Lalu, apa yang bisa kita lakukan? Kuncinya ada pada sinergi! Jika kamu memiliki pengetahuan kebencanaan dari PMI, SAR, atau pelatihan serupa, kamu bisa menjadi pionir. Ajaklah pengurus RT/RW setempat untuk duduk bersama. Dari sana, kita bisa mulai dengan hal-hal sederhana namun berdampak besar: mengadakan diskusi dan pelatihan singkat tentang rencana darurat keluarga, membuat peta evakuasi visual yang mudah dipahami warga, hingga mengadakan simulasi kecil-kecilan. Bagi yang ingin mendukung, kontribusi bisa berupa menyumbang perlengkapan contoh untuk tas siaga, membantu membuat rambu evakuasi, atau menggalang dana untuk alat peringatan dini sederhana seperti kentongan atau sirine manual.

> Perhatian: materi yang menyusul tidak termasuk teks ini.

(* Let $F_2$ be the free group on $g_1,g_2$ and $h:F_2\to\mathbb Z\times\mathbb Z$ the abelianisation homomorphism. Then the ideal $\ker(h^\#)\lhd\kappa F_2^\#$ is the principal ideal generated by $[\vec g_1,\vec g_2]\cdot[\vec g_1,\vec g_2]$.
   Context: Let $\kappa$ be a field of characteristic $0$. For a group $G$, let $*:\kappa G\to\kappa G$ be the $\kappa$-linear map with $g^*=g^{-1}$, $(\kappa G)^*$ its fixed points, and $A_G$ the quotient of $\kappa G$ by the two-sided ideal generated by all $ab-ba$, $a\in\kappa G$, $b\in(\kappa G)^*$; $*$ descends to $A_G$. $\kappa G^\#=\{x\in A_G:x^*=x\}$, $\Lambda_G=\{x\in A_G:x^*=-x\}$; group elements are identified with their images in $A_G$; $\vec x=\tfrac12(x-x^* )$; for $\vec x,\vec y\in\Lambda_G$, $\vec x\cdot\vec y=-\tfrac12(\vec x\vec y+\vec y\vec x)$ and $[\vec x,\vec y]=\tfrac12(\vec x\vec y-\vec y\vec x)$. A group homomorphism $f:G\to H$ induces a ring homomorphism $A_G\to A_H$ commuting with $*$, and $f^\#:\kappa G^\#\to\kappa H^\#$ is its restriction. *)

theory Defs
  imports "HOL-Algebra.Group"
begin

definition galg :: "('a, 'b) monoid_scheme \<Rightarrow> ('a \<Rightarrow> 'k::field) set" where
  "galg G = {f. finite {x. f x \<noteq> 0} \<and> (\<forall>x. x \<notin> carrier G \<longrightarrow> f x = 0)}"

definition gdelta :: "'a \<Rightarrow> 'a \<Rightarrow> 'k::field" where
  "gdelta g = (\<lambda>x. if x = g then 1 else 0)"

definition gmul :: "('a, 'b) monoid_scheme \<Rightarrow> ('a \<Rightarrow> 'k::field) \<Rightarrow> ('a \<Rightarrow> 'k) \<Rightarrow> 'a \<Rightarrow> 'k" where
  "gmul G f g = (\<lambda>x. \<Sum>y\<in>{y. f y \<noteq> 0}. \<Sum>z\<in>{z. g z \<noteq> 0 \<and> y \<otimes>\<^bsub>G\<^esub> z = x}. f y * g z)"

definition gstar :: "('a, 'b) monoid_scheme \<Rightarrow> ('a \<Rightarrow> 'k::field) \<Rightarrow> 'a \<Rightarrow> 'k" where
  "gstar G f = (\<lambda>x. if x \<in> carrier G then f (inv\<^bsub>G\<^esub> x) else 0)"

text \<open>The two-sided ideal I_G of kappa G generated by all ab - ba with a in kappa G and
  b in (kappa G)^*; A_G = kappa G / I_G.\<close>
inductive_set comm_ideal :: "('a, 'b) monoid_scheme \<Rightarrow> ('a \<Rightarrow> 'k::field) set" for G where
  gen: "a \<in> galg G \<Longrightarrow> b \<in> galg G \<Longrightarrow> gstar G b = b \<Longrightarrow>
          (\<lambda>x. gmul G a b x - gmul G b a x) \<in> comm_ideal G"
| zero: "(\<lambda>x. 0) \<in> comm_ideal G"
| add: "u \<in> comm_ideal G \<Longrightarrow> v \<in> comm_ideal G \<Longrightarrow> (\<lambda>x. u x + v x) \<in> comm_ideal G"
| neg: "u \<in> comm_ideal G \<Longrightarrow> (\<lambda>x. - u x) \<in> comm_ideal G"
| lmul: "a \<in> galg G \<Longrightarrow> u \<in> comm_ideal G \<Longrightarrow> gmul G a u \<in> comm_ideal G"
| rmul: "a \<in> galg G \<Longrightarrow> u \<in> comm_ideal G \<Longrightarrow> gmul G u a \<in> comm_ideal G"

text \<open>Representatives in kappa G of the elements of kappa G^# = {x in A_G. x* = x}:
  y represents an element of kappa G^# iff y* - y lies in I_G.\<close>
definition sym_rep :: "('a, 'b) monoid_scheme \<Rightarrow> ('a \<Rightarrow> 'k::field) set" where
  "sym_rep G = {y \<in> galg G. (\<lambda>x. gstar G y x - y x) \<in> comm_ideal G}"

definition gvec :: "('a, 'b) monoid_scheme \<Rightarrow> ('a \<Rightarrow> 'k::field) \<Rightarrow> 'a \<Rightarrow> 'k" where
  "gvec G f = (\<lambda>x. (f x - gstar G f x) / 2)"

definition glie :: "('a, 'b) monoid_scheme \<Rightarrow> ('a \<Rightarrow> 'k::field) \<Rightarrow> ('a \<Rightarrow> 'k) \<Rightarrow> 'a \<Rightarrow> 'k" where
  "glie G u v = (\<lambda>x. (gmul G u v x - gmul G v u x) / 2)"

definition gdot :: "('a, 'b) monoid_scheme \<Rightarrow> ('a \<Rightarrow> 'k::field) \<Rightarrow> ('a \<Rightarrow> 'k) \<Rightarrow> 'a \<Rightarrow> 'k" where
  "gdot G u v = (\<lambda>x. - (gmul G u v x + gmul G v u x) / 2)"

definition gpush :: "('a \<Rightarrow> 'c) \<Rightarrow> ('a \<Rightarrow> 'k::field) \<Rightarrow> 'c \<Rightarrow> 'k" where
  "gpush h f = (\<lambda>z. \<Sum>x\<in>{x. f x \<noteq> 0 \<and> h x = z}. f x)"

text \<open>Representatives of the ideal of kappa G^# generated by (the class of) c:
  the least set containing c and I_G, closed under +, -, and two-sided multiplication
  by representatives of elements of kappa G^#.\<close>
inductive_set pideal :: "('a, 'b) monoid_scheme \<Rightarrow> ('a \<Rightarrow> 'k::field) \<Rightarrow> ('a \<Rightarrow> 'k) set"
  for G c where
  gen: "c \<in> pideal G c"
| zero: "(\<lambda>x. 0) \<in> pideal G c"
| add: "u \<in> pideal G c \<Longrightarrow> v \<in> pideal G c \<Longrightarrow> (\<lambda>x. u x + v x) \<in> pideal G c"
| neg: "u \<in> pideal G c \<Longrightarrow> (\<lambda>x. - u x) \<in> pideal G c"
| lmul: "r \<in> sym_rep G \<Longrightarrow> u \<in> pideal G c \<Longrightarrow> gmul G r u \<in> pideal G c"
| rmul: "r \<in> sym_rep G \<Longrightarrow> u \<in> pideal G c \<Longrightarrow> gmul G u r \<in> pideal G c"
| cls: "u \<in> pideal G c \<Longrightarrow> w \<in> comm_ideal G \<Longrightarrow> (\<lambda>x. u x + w x) \<in> pideal G c"

text \<open>Letters: (generator, sign); generator False = g1, True = g2; sign True = +1, False = -1.\<close>
type_synonym f2letter = "bool \<times> bool"

fun f2_push :: "f2letter \<Rightarrow> f2letter list \<Rightarrow> f2letter list" where
  "f2_push a [] = [a]"
| "f2_push a (b # ys) = (if fst a = fst b \<and> snd a \<noteq> snd b then ys else a # b # ys)"

definition f2_red :: "f2letter list \<Rightarrow> f2letter list" where
  "f2_red xs = foldr f2_push xs []"

fun f2_reduced :: "f2letter list \<Rightarrow> bool" where
  "f2_reduced (a # b # ys) = (\<not> (fst a = fst b \<and> snd a \<noteq> snd b) \<and> f2_reduced (b # ys))"
| "f2_reduced _ = True"

definition F2 :: "f2letter list monoid" where
  "F2 = \<lparr>carrier = {xs. f2_reduced xs}, mult = (\<lambda>xs ys. f2_red (xs @ ys)), one = []\<rparr>"

definition g1 :: "f2letter list" where "g1 = [(False, True)]"
definition g2 :: "f2letter list" where "g2 = [(True, True)]"

definition ZZ :: "(int \<times> int) monoid" where
  "ZZ = \<lparr>carrier = UNIV, mult = (\<lambda>a b. (fst a + fst b, snd a + snd b)), one = (0, 0)\<rparr>"

definition f2_ab :: "f2letter list \<Rightarrow> int \<times> int" where
  "f2_ab xs = (sum_list (map (\<lambda>(i, s). if \<not> i then (if s then 1 else -1) else 0) xs),
               sum_list (map (\<lambda>(i, s). if i then (if s then 1 else -1) else 0) xs))"

end

theory Submission
  imports Defs "HOL-Library.Poly_Mapping" "HOL-Library.Product_Plus"
begin

text \<open>
  For the group ring of an arbitrary group we study
  the ideal cideal generated by the commutators with symmetric elements (the kernel of
  kappa G \<rightarrow> A_G), the set symm of elements that are symmetric modulo cideal (representatives of
  kappa G^#), and the ideal pid c of symm generated by c modulo cideal; symm is central modulo
  cideal.  For F2 write e1, e2 for vec g1, vec g2 and W = e1 e2 - e2 e1, so that the generator
  is csq = [e1,e2].[e1,e2] = -W^2/4.  Modulo cideal every element is a symm-combination of
  1, e1, e2, e1 e2, which yields tau (W x) \<in> pid csq for all x, where tau x = x + x*.  Hence
  swapping adjacent letters g1^{\<pm>1}, g2^{\<pm>1} in a word m changes tau m only modulo pid csq,
  and tau m \<equiv> tau (g1^i g2^j) where (i,j) is the abelianisation of m.  So a symmetric element
  with vanishing image in the group ring of Z \<times> Z lies in pid csq; conversely the induced map
  to that commutative group ring kills cideal and csq.
\<close>

section \<open>The free group on two generators as a type\<close>

lemma f2_reduced_tl: "f2_reduced (a # L) \<Longrightarrow> f2_reduced L"
  by (cases L) auto

lemma f2_reduced_push: "f2_reduced L \<Longrightarrow> f2_reduced (f2_push a L)"
  by (cases L) (auto dest: f2_reduced_tl)

lemma f2_reduced_red: "f2_reduced (f2_red xs)"
  unfolding f2_red_def by (induction xs) (auto intro: f2_reduced_push)

lemma f2_red_Cons: "f2_red (a # xs) = f2_push a (f2_red xs)"
  by (simp add: f2_red_def)

lemma f2_red_id: "f2_reduced xs \<Longrightarrow> f2_red xs = xs"
proof (induction xs)
  case Nil then show ?case by (simp add: f2_red_def)
next
  case (Cons a xs)
  then have "f2_red xs = xs" using f2_reduced_tl by blast
  with Cons.prems show ?case by (cases xs) (auto simp: f2_red_Cons)
qed

lemma f2_red_append: "f2_red (xs @ ys) = foldr f2_push xs (f2_red ys)"
  by (simp add: f2_red_def)

lemma f2_push_cancel:
  assumes "fst a = fst b" "snd a \<noteq> snd b" "f2_reduced X"
  shows "f2_push a (f2_push b X) = X"
proof (cases X)
  case Nil then show ?thesis using assms by auto
next
  case (Cons c X')
  show ?thesis
  proof (cases "fst b = fst c \<and> snd b \<noteq> snd c")
    case True
    then have ca: "c = a" using assms by (cases a, cases b, cases c) auto
    have "f2_push a X' = a # X'"
    proof (cases X')
      case (Cons d X'')
      then show ?thesis using assms(3) \<open>X = c # X'\<close> ca by auto
    qed simp
    then show ?thesis using Cons True ca by simp
  next
    case False
    then show ?thesis using Cons assms by auto
  qed
qed

lemma foldr_push_push:
  assumes "f2_reduced R" "f2_reduced L"
  shows "foldr f2_push (f2_push a R) L = f2_push a (foldr f2_push R L)"
proof (cases R)
  case Nil then show ?thesis by simp
next
  case (Cons b R')
  show ?thesis
  proof (cases "fst a = fst b \<and> snd a \<noteq> snd b")
    case True
    have "f2_reduced (foldr f2_push R' L)"
      using assms(2) by (induction R') (auto intro: f2_reduced_push)
    then show ?thesis using Cons True f2_push_cancel[of a b] by simp
  next
    case False then show ?thesis using Cons by auto
  qed
qed

text \<open>Reduction is compatible with concatenation: this gives associativity.\<close>
lemma foldr_push_red:
  assumes "f2_reduced L"
  shows "foldr f2_push (f2_red xs) L = foldr f2_push xs L"
proof (induction xs)
  case Nil then show ?case by (simp add: f2_red_def)
next
  case (Cons a xs)
  have "foldr f2_push (f2_red (a # xs)) L = foldr f2_push (f2_push a (f2_red xs)) L"
    by (simp add: f2_red_Cons)
  also have "\<dots> = f2_push a (foldr f2_push (f2_red xs) L)"
    by (rule foldr_push_push[OF f2_reduced_red assms])
  finally show ?case using Cons by simp
qed

lemma f2_red_red_left: "f2_red (f2_red A @ B) = f2_red (A @ B)"
  by (simp add: f2_red_append foldr_push_red f2_reduced_red)

lemma f2_red_red_right: "f2_red (A @ f2_red B) = f2_red (A @ B)"
  by (simp add: f2_red_append f2_red_id f2_reduced_red)

definition word_inv :: "f2letter list \<Rightarrow> f2letter list" where
  "word_inv xs = rev (map (\<lambda>(i, s). (i, \<not> s)) xs)"

lemma f2_red_word_inv: "f2_red (word_inv xs @ xs) = []"
proof (induction xs)
  case Nil then show ?case by (simp add: word_inv_def f2_red_def)
next
  case (Cons a xs)
  obtain i s where a: "a = (i, s)" by force
  have "f2_red (word_inv (a # xs) @ a # xs)
        = foldr f2_push (word_inv xs) (f2_push (i, \<not> s) (f2_push a (f2_red xs)))"
    by (simp add: word_inv_def f2_red_append f2_red_Cons a)
  also have "\<dots> = foldr f2_push (word_inv xs) (f2_red xs)"
    using f2_push_cancel[of "(i, \<not> s)" a "f2_red xs"] f2_reduced_red a by simp
  also have "\<dots> = []" using Cons by (simp add: f2_red_append)
  finally show ?case .
qed

typedef free2 = "{xs. f2_reduced xs}"
  by (rule exI[of _ "[]"]) simp

setup_lifting type_definition_free2

instantiation free2 :: group_add
begin
lift_definition zero_free2 :: free2 is "[]" by simp
lift_definition plus_free2 :: "free2 \<Rightarrow> free2 \<Rightarrow> free2" is "\<lambda>x y. f2_red (x @ y)"
  by (rule f2_reduced_red)
lift_definition uminus_free2 :: "free2 \<Rightarrow> free2" is "\<lambda>x. f2_red (word_inv x)"
  by (rule f2_reduced_red)
definition minus_free2 :: "free2 \<Rightarrow> free2 \<Rightarrow> free2" where "minus_free2 a b = a + - b"
instance
proof
  fix a b c :: free2
  show "a + b + c = a + (b + c)"
    by transfer (simp add: f2_red_red_left f2_red_red_right)
  show "0 + a = a" by transfer (simp add: f2_red_id)
  show "a + 0 = a" by transfer (simp add: f2_red_id)
  show "- a + a = 0" by transfer (simp add: f2_red_red_left f2_red_word_inv)
  show "a + - b = a - b" by (simp add: minus_free2_def)
qed
end

lemma F2_group: "group F2"
proof (rule groupI)
  fix x y z
  assume x: "x \<in> carrier F2" and y: "y \<in> carrier F2" and z: "z \<in> carrier F2"
  show "x \<otimes>\<^bsub>F2\<^esub> y \<in> carrier F2" by (simp add: F2_def f2_reduced_red)
  show "x \<otimes>\<^bsub>F2\<^esub> y \<otimes>\<^bsub>F2\<^esub> z = x \<otimes>\<^bsub>F2\<^esub> (y \<otimes>\<^bsub>F2\<^esub> z)"
    by (simp add: F2_def f2_red_red_left f2_red_red_right)
  show "\<one>\<^bsub>F2\<^esub> \<otimes>\<^bsub>F2\<^esub> x = x" using x by (simp add: F2_def f2_red_id)
  show "\<exists>y\<in>carrier F2. y \<otimes>\<^bsub>F2\<^esub> x = \<one>\<^bsub>F2\<^esub>"
    by (rule bexI[of _ "f2_red (word_inv x)"])
      (simp_all add: F2_def f2_red_red_left f2_red_word_inv f2_reduced_red)
next
  show "\<one>\<^bsub>F2\<^esub> \<in> carrier F2" by (simp add: F2_def)
qed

Mari kita ubah kerentanan menjadi ketangguhan! Setiap aksi kecil dari kita akan menguatkan jaring pengaman di tingkat paling dasar. Tidak perlu menunggu instruksi dari atas—kita bisa memulainya dari lingkungan sendiri. Ayo, jadilah bagian dari gerakan ini. Hubungi ketua RT-mu, tawarkan ide, atau bergabunglah dengan relawan yang sudah ada. Bersama, kita bisa membangun komunitas yang tidak hanya siaga, tetapi juga solid dan siap saling menyelamatkan. Keselamatan dimulai dari rumah kita, dan kekuatannya lahir dari kolaborasi kita.